Monday, November 10, 2008

Hip kid or sensible parents? I say both!


picture from www.dwell.com





As my conversations begin to include health insurance premiums and family alongside the old reliables of beerfests and artfests so do my thoughts of little ones. Three friends of mine have children well beyond the baby age but a whole new crop of babies have been born to friends in the last year. As my friends continue to procreate I am learning the many do's and don'ts of parental decor. And the best way to achieve fashion and function for baby's living space.

Last week Joe and I took a jaunt OTP(that is outside the perimeter for you non-Atlantans, AKA the 'burbs) to Newnan to visit a former coworker of his. Newnan and its neighbor next door Peachtree City are where most pilots go to spawn their young. It is sterile and suburban(30 minutes outside of the city limits), with a little bit of kitch (golf carts are the low mpg auto of choice in Peachtree City).

When you walk in to their home you see that the couple have a seven month old son, he does not have them. Allow me to explain. While watching HGTV this weekend I saw a couple who were unable to sell their home after many. many months on the market. Upon further inspection it was painfully obvious that its lack of saleability had to do with the obscene amount of baby stuff that had taken over the house. Kudzu had nothing on the teetering piles of balls, baubles and binkys. The beautiful hardwoods in the dining room had been covered by a foam puzzle piece mat of the alphabet. The amazing black granite counter tops in the kitchen were covered with formula containers and baby bottles. They were told the home would never sell in it's current Baby's-R-Us state and they needed to do a clean up immediately.

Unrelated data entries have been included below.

(* Let $\underline\Omega=\{L\in\mathbb R^{m_2\times d}: Q-L^\top R^vL\succ0\}$. In general the problem is nonconvex-nonconcave: there exist problem data and $L\in\underline\Omega$ such that $\min_K\mathcal C(K,L)$ is a nonconvex minimization problem (the set of $K$ for which $(K,L)$ is stabilizing, equivalently $\mathcal C(K,L)<\infty$, is nonconvex), and there exist problem data and $K$ such that $\max_{L\in\underline\Omega}\mathcal C(K,L)$ is a nonconcave maximization problem (the set of $L\in\underline\Omega$ for which $(K,L)$ is stabilizing is nonconvex).
   Context: Zero-sum LQ game: $A\in\mathbb R^{d\times d}$, $B\in\mathbb R^{d\times m_1}$, $C\in\mathbb R^{d\times m_2}$, symmetric positive definite $Q,R^u,R^v$; dynamics $x_{t+1}=Ax_t+Bu_t+Cv_t$, cost $x_t^\top Qx_t+u_t^\top R^uu_t-v_t^\top R^vv_t$, initial state $x_0\sim\mathcal D$ with $\Sigma_0=\mathbb E[x_0x_0^\top]\succ0$. Linear feedback policies $u_t=-Kx_t$, $v_t=-Lx_t$ with $K\in\mathbb R^{m_1\times d}$, $L\in\mathbb R^{m_2\times d}$; $(K,L)$ is stabilizing if $\rho(A-BK-CL)<1$. For such policies $\mathcal C(K,L)=\mathbb E_{x_0\sim\mathcal D}\sum_{t\ge0}[x_t^\top Qx_t+(Kx_t)^\top R^u(Kx_t)-(Lx_t)^\top R^v(Lx_t)]$ (possibly infinite). *)

theory Defs
  imports "Jordan_Normal_Form.Spectral_Radius"
begin

definition sym_posdef :: "real mat \<Rightarrow> nat \<Rightarrow> bool" where
  "sym_posdef M n \<longleftrightarrow> M \<in> carrier_mat n n \<and> transpose_mat M = M \<and>
     (\<forall>x \<in> carrier_vec n. x \<noteq> 0\<^sub>v n \<longrightarrow> 0 < x \<bullet> (M *\<^sub>v x))"

definition lq_data :: "nat \<Rightarrow> nat \<Rightarrow> nat \<Rightarrow> real mat \<Rightarrow> real mat \<Rightarrow> real mat \<Rightarrow>
    real mat \<Rightarrow> real mat \<Rightarrow> real mat \<Rightarrow> bool" where
  "lq_data d m1 m2 A B C Q Ru Rv \<longleftrightarrow>
     A \<in> carrier_mat d d \<and> B \<in> carrier_mat d m1 \<and> C \<in> carrier_mat d m2 \<and>
     sym_posdef Q d \<and> sym_posdef Ru m1 \<and> sym_posdef Rv m2"

definition stabilizing :: "real mat \<Rightarrow> real mat \<Rightarrow> real mat \<Rightarrow> real mat \<Rightarrow> real mat \<Rightarrow> bool" where
  "stabilizing A B C K L \<longleftrightarrow>
     spectral_radius (map_mat complex_of_real (A - B * K - C * L)) < 1"

definition Omega_under :: "nat \<Rightarrow> nat \<Rightarrow> real mat \<Rightarrow> real mat \<Rightarrow> real mat set" where
  "Omega_under d m2 Q Rv = {L \<in> carrier_mat m2 d. sym_posdef (Q - transpose_mat L * Rv * L) d}"

definition convex_mat_set :: "real mat set \<Rightarrow> bool" where
  "convex_mat_set S \<longleftrightarrow> (\<forall>X\<in>S. \<forall>Y\<in>S. \<forall>t::real. 0 \<le> t \<and> t \<le> 1 \<longrightarrow>
      t \<cdot>\<^sub>m X + (1 - t) \<cdot>\<^sub>m Y \<in> S)"

end

theory Submission imports Defs begin

text \<open>Take A = 0 and let one player's input matrix be the identity, the other's zero, so that
the closed-loop matrix is minus the active player's gain. The nilpotent gains N12 and N21 then have
spectral radius 0, while minus their midpoint, the matrix with both off-diagonal entries -1, has the
eigenvalue 1 (eigenvector (1, -1)); so the set of stabilizing gains is not convex. For the
maximizing player, Q = 5 I keeps both nilpotent gains inside Omega-underbar.\<close>

lemma sym_posdef_diag:
  assumes pos: "\<And>i. i < n \<Longrightarrow> 0 < f i"
  shows "sym_posdef (mat n n (\<lambda>(i,j). if i = j then f i else 0)) n"
proof -
  let ?M = "mat n n (\<lambda>(i,j). if i = j then f i else 0) :: real mat"
  have "0 < x \<bullet> (?M *\<^sub>v x)" if x: "x \<in> carrier_vec n" and nz: "x \<noteq> 0\<^sub>v n" for x
  proof -
    have Mx: "?M *\<^sub>v x = vec n (\<lambda>i. f i * x $ i)"
    proof (rule eq_vecI)
      fix i assume "i < dim_vec (vec n (\<lambda>i. f i * x $ i))"
      hence i: "i < n" by simp
      have "row ?M i \<bullet> x = (\<Sum>j<n. (if i = j then f i else 0) * x $ j)"
        using x i by (simp add: scalar_prod_def lessThan_atLeast0)
      also have "\<dots> = (\<Sum>j<n. if j = i then f i * x $ i else 0)"
        by (rule sum.cong) auto
      finally show "(?M *\<^sub>v x) $ i = vec n (\<lambda>i. f i * x $ i) $ i" using i by simp
    qed (use x in simp)
    have quad: "x \<bullet> (?M *\<^sub>v x) = (\<Sum>i\<in>{0..<n}. f i * (x $ i)\<^sup>2)"
      unfolding Mx scalar_prod_def using x by (auto intro!: sum.cong simp: power2_eq_square)
    obtain k where k: "k < n" "x $ k \<noteq> 0"
      using nz x by (metis eq_vecI carrier_vecD index_zero_vec dim_vec)
    have "0 < f k * (x $ k)\<^sup>2" using pos k by simp
    also have "\<dots> \<le> (\<Sum>i\<in>{0..<n}. f i * (x $ i)\<^sup>2)"
      by (rule member_le_sum) (use pos k in \<open>auto simp: less_imp_le\<close>)
    finally show ?thesis unfolding quad .
  qed
  moreover have "transpose_mat ?M = ?M" by (auto intro!: eq_matI)
  ultimately show ?thesis unfolding sym_posdef_def by auto
qed

lemma sym_posdef_one: "sym_posdef (1\<^sub>m n) n"
proof -
  have "1\<^sub>m n = (mat n n (\<lambda>(i,j). if i = j then 1 else 0) :: real mat)"
    by (auto intro!: eq_matI)
  thus ?thesis using sym_posdef_diag[of n "\<lambda>_. 1"] by simp
qed

lemma spectral_radius_square_zero:
  assumes M: "(M :: complex mat) \<in> carrier_mat n n" and n: "0 < n" and MM: "M * M = 0\<^sub>m n n"
  shows "spectral_radius M = 0"
proof -
  have "spectrum M \<subseteq> {0}"
  proof
    fix k assume "k \<in> spectrum M"
    then obtain v where v: "v \<in> carrier_vec n" "v \<noteq> 0\<^sub>v n" "M *\<^sub>v v = k \<cdot>\<^sub>v v"
      unfolding spectrum_def eigenvalue_def eigenvector_def using M by auto
    have "0\<^sub>v n = (M * M) *\<^sub>v v" using MM v by auto
    also have "\<dots> = M *\<^sub>v (M *\<^sub>v v)" using M v by (simp add: assoc_mult_mat_vec)
    also have "\<dots> = (k * k) \<cdot>\<^sub>v v" using M v by (simp add: mult_mat_vec smult_smult_assoc)
    finally have kkv: "(k * k) \<cdot>\<^sub>v v = 0\<^sub>v n" by simp
    obtain j where j: "j < n" "v $ j \<noteq> 0"
      using v by (metis eq_vecI carrier_vecD index_zero_vec dim_vec)
    have "(k * k) * v $ j = 0" using arg_cong[OF kkv, of "\<lambda>w. w $ j"] j v by simp
    thus "k \<in> {0}" using j by simp
  qed
  moreover have "spectral_radius M \<in> norm ` spectrum M"
    by (rule spectral_radius_mem_max(1)[OF M n])
  ultimately show ?thesis by auto
qed

lemma eigenvalue_norm_le_spectral_radius:
  assumes "(M :: complex mat) \<in> carrier_mat n n" "0 < n" "eigenvector M v k"
  shows "norm k \<le> spectral_radius M"
  using spectral_radius_mem_max(2)[OF assms(1,2)] assms(3)
  unfolding spectrum_def eigenvalue_def by auto

lemma not_convex_mat_setI:
  assumes "X \<in> S" "Y \<in> S" "(1/2) \<cdot>\<^sub>m X + (1 - 1/2) \<cdot>\<^sub>m Y \<notin> S"
  shows "\<not> convex_mat_set S"
proof
  assume "convex_mat_set S"
  hence "(1/2) \<cdot>\<^sub>m X + (1 - 1/2) \<cdot>\<^sub>m Y \<in> S"
    using assms(1,2) unfolding convex_mat_set_def by (elim ballE allE[of _ "1/2"]) auto
  with assms(3) show False by contradiction
qed

lemma stabilizing_zero_dynamics_first_player:
  assumes "K \<in> carrier_mat d d"
  shows "stabilizing (0\<^sub>m d d) (1\<^sub>m d) (0\<^sub>m d m) K (0\<^sub>m m d) \<longleftrightarrow>
    spectral_radius (map_mat complex_of_real (- K)) < 1"
proof -
  have "0\<^sub>m d d - 1\<^sub>m d * K - 0\<^sub>m d m * 0\<^sub>m m d = - K" using assms by (auto intro!: eq_matI)
  thus ?thesis unfolding stabilizing_def by simp
qed

lemma stabilizing_zero_dynamics_second_player:
  assumes "L \<in> carrier_mat d d"
  shows "stabilizing (0\<^sub>m d d) (0\<^sub>m d m) (1\<^sub>m d) (0\<^sub>m m d) L \<longleftrightarrow>
    spectral_radius (map_mat complex_of_real (- L)) < 1"
proof -
  have "0\<^sub>m d d - 0\<^sub>m d m * 0\<^sub>m m d - 1\<^sub>m d * L = - L" using assms by (auto intro!: eq_matI)
  thus ?thesis unfolding stabilizing_def by simp
qed

definition N12 :: "real mat" where "N12 = mat 2 2 (\<lambda>(i,j). if i = 0 \<and> j = 1 then 2 else 0)"
definition N21 :: "real mat" where "N21 = mat 2 2 (\<lambda>(i,j). if i = 1 \<and> j = 0 then 2 else 0)"

abbreviation N_mid :: "real mat" where "N_mid \<equiv> (1/2) \<cdot>\<^sub>m N12 + (1 - 1/2) \<cdot>\<^sub>m N21"

lemma N_carrier: "N12 \<in> carrier_mat 2 2" "N21 \<in> carrier_mat 2 2" "N_mid \<in> carrier_mat 2 2"
  unfolding N12_def N21_def by auto

lemma sum_upt_2: "(\<Sum>i\<in>{0..<2::nat}. g i) = g 0 + g 1"
  by (simp add: numeral_2_eq_2)

lemma spectral_radius_neg_N12_less_one: "spectral_radius (map_mat complex_of_real (- N12)) < 1"
proof -
  have "map_mat complex_of_real (- N12) * map_mat complex_of_real (- N12) = 0\<^sub>m 2 2"
    by (rule eq_matI) (auto simp: N12_def scalar_prod_def sum_upt_2 less_2_cases_iff)
  hence "spectral_radius (map_mat complex_of_real (- N12)) = 0"
    using N_carrier by (intro spectral_radius_square_zero[of _ 2]) auto
  thus ?thesis by simp
qed

lemma spectral_radius_neg_N21_less_one: "spectral_radius (map_mat complex_of_real (- N21)) < 1"
proof -
  have "map_mat complex_of_real (- N21) * map_mat complex_of_real (- N21) = 0\<^sub>m 2 2"
    by (rule eq_matI) (auto simp: N21_def scalar_prod_def sum_upt_2 less_2_cases_iff)
  hence "spectral_radius (map_mat complex_of_real (- N21)) = 0"
    using N_carrier by (intro spectral_radius_square_zero[of _ 2]) auto
  thus ?thesis by simp
qed

lemma spectral_radius_neg_N_mid_not_less_one: "\<not> spectral_radius (map_mat complex_of_real (- N_mid)) < 1"
proof -
  let ?v = "vec 2 (\<lambda>i. if i = 0 then 1 else - 1) :: complex vec"
  have "?v $ 0 \<noteq> 0\<^sub>v 2 $ 0" by simp
  hence "?v \<noteq> 0\<^sub>v 2" by metis
  moreover have "map_mat complex_of_real (- N_mid) *\<^sub>v ?v = 1 \<cdot>\<^sub>v ?v"
    by (rule eq_vecI) (auto simp: N12_def N21_def scalar_prod_def sum_upt_2 less_2_cases_iff)
  ultimately have "eigenvector (map_mat complex_of_real (- N_mid)) ?v 1"
    unfolding eigenvector_def using N_carrier by auto
  moreover have "map_mat complex_of_real (- N_mid) \<in> carrier_mat 2 2" using N_carrier by simp
  ultimately have "norm (1 :: complex) \<le> spectral_radius (map_mat complex_of_real (- N_mid))"
    by (intro eigenvalue_norm_le_spectral_radius[of _ 2]) simp_all
  thus ?thesis by simp
qed

definition Q5 :: "real mat" where "Q5 = mat 2 2 (\<lambda>(i,j). if i = j then 5 else 0)"

lemma sym_posdef_Q5: "sym_posdef Q5 2"
  unfolding Q5_def by (rule sym_posdef_diag) simp

lemma N12_Omega_under: "N12 \<in> Omega_under 2 2 Q5 (1\<^sub>m 2)"
proof -
  have "Q5 - transpose_mat N12 * 1\<^sub>m 2 * N12 = mat 2 2 (\<lambda>(i,j). if i = j then (if i = 0 then 5 else 1) else 0)"
    by (rule eq_matI) (auto simp: Q5_def N12_def scalar_prod_def sum_upt_2 less_2_cases_iff)
  moreover have "sym_posdef (mat 2 2 (\<lambda>(i,j). if i = j then (if i = 0 then 5 else 1) else (0::real))) 2"
    by (rule sym_posdef_diag) simp
  ultimately show ?thesis unfolding Omega_under_def using N_carrier by auto
qed

lemma N21_Omega_under: "N21 \<in> Omega_under 2 2 Q5 (1\<^sub>m 2)"
proof -
  have "Q5 - transpose_mat N21 * 1\<^sub>m 2 * N21 = mat 2 2 (\<lambda>(i,j). if i = j then (if i = 0 then 1 else 5) else 0)"
    by (rule eq_matI) (auto simp: Q5_def N21_def scalar_prod_def sum_upt_2 less_2_cases_iff)
  moreover have "sym_posdef (mat 2 2 (\<lambda>(i,j). if i = j then (if i = 0 then 1 else 5) else (0::real))) 2"
    by (rule sym_posdef_diag) simp
  ultimately show ?thesis unfolding Omega_under_def using N_carrier by auto
qed

theorem lemma2:
  shows "(\<exists>d m1 m2 A B C Q Ru Rv L. lq_data d m1 m2 A B C Q Ru Rv \<and>
            L \<in> Omega_under d m2 Q Rv \<and>
            \<not> convex_mat_set {K \<in> carrier_mat m1 d. stabilizing A B C K L}) \<and>
         (\<exists>d m1 m2 A B C Q Ru Rv K. lq_data d m1 m2 A B C Q Ru Rv \<and>
            K \<in> carrier_mat m1 d \<and>
            \<not> convex_mat_set {L \<in> Omega_under d m2 Q Rv. stabilizing A B C K L})"
proof (intro conjI exI)
  show "lq_data 2 2 1 (0\<^sub>m 2 2) (1\<^sub>m 2) (0\<^sub>m 2 1) (1\<^sub>m 2) (1\<^sub>m 2) (1\<^sub>m 1)"
    and "lq_data 2 1 2 (0\<^sub>m 2 2) (0\<^sub>m 2 1) (1\<^sub>m 2) Q5 (1\<^sub>m 1) (1\<^sub>m 2)"
    unfolding lq_data_def using sym_posdef_one sym_posdef_Q5 by auto
  have "1\<^sub>m 2 - transpose_mat (0\<^sub>m 1 2) * 1\<^sub>m 1 * 0\<^sub>m 1 2 = (1\<^sub>m 2 :: real mat)"
    by (auto intro!: eq_matI)
  thus "0\<^sub>m 1 2 \<in> Omega_under 2 1 (1\<^sub>m 2) (1\<^sub>m 1)"
    unfolding Omega_under_def using sym_posdef_one by auto
  show "0\<^sub>m 1 2 \<in> carrier_mat 1 2" by simp
  show "\<not> convex_mat_set {K \<in> carrier_mat 2 2. stabilizing (0\<^sub>m 2 2) (1\<^sub>m 2) (0\<^sub>m 2 1) K (0\<^sub>m 1 2)}"
    using N_carrier spectral_radius_neg_N12_less_one spectral_radius_neg_N21_less_one spectral_radius_neg_N_mid_not_less_one
    by (intro not_convex_mat_setI[of N12 _ N21]) (simp_all add: stabilizing_zero_dynamics_first_player)
  show "\<not> convex_mat_set {L \<in> Omega_under 2 2 Q5 (1\<^sub>m 2). stabilizing (0\<^sub>m 2 2) (0\<^sub>m 2 1) (1\<^sub>m 2) (0\<^sub>m 1 2) L}"
    using N_carrier spectral_radius_neg_N12_less_one spectral_radius_neg_N21_less_one spectral_radius_neg_N_mid_not_less_one
      N12_Omega_under N21_Omega_under
    by (intro not_convex_mat_setI[of N12 _ N21]) (simp_all add: stabilizing_zero_dynamics_second_player)
qed

end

Flash to Newnan, GA. The perfect balance of baby and sanity. Baby Preston sits on a palette in the living room with several toys and his Baby Einstein activity walker close by. He is the picture of class. No piles of toys or gargantuan playpen/castle/dinosaur houses; only a baby gate and the staircase to protect him from his own curiosity. During dinner he sat in a smaller more demure walker that was housed in the corner of the dining room. Used during meals with guests, the walker was equipped with one of his favorite toys, a plastic water bottle half full of marbles. The toy, his fathers invention, kept him captivated until he surrendered to sleep.

Oh Lord (and opinionated friends) tell us when Joe and I go wrong. Actually never let us go into the black hole of baby clutter. Never let me say, "Oh well you know...the baby..." Let me keep my anal retentiveness that has brought me so far in such an orderly fashion! And let yu live by the same tidy rules with your very own spawn.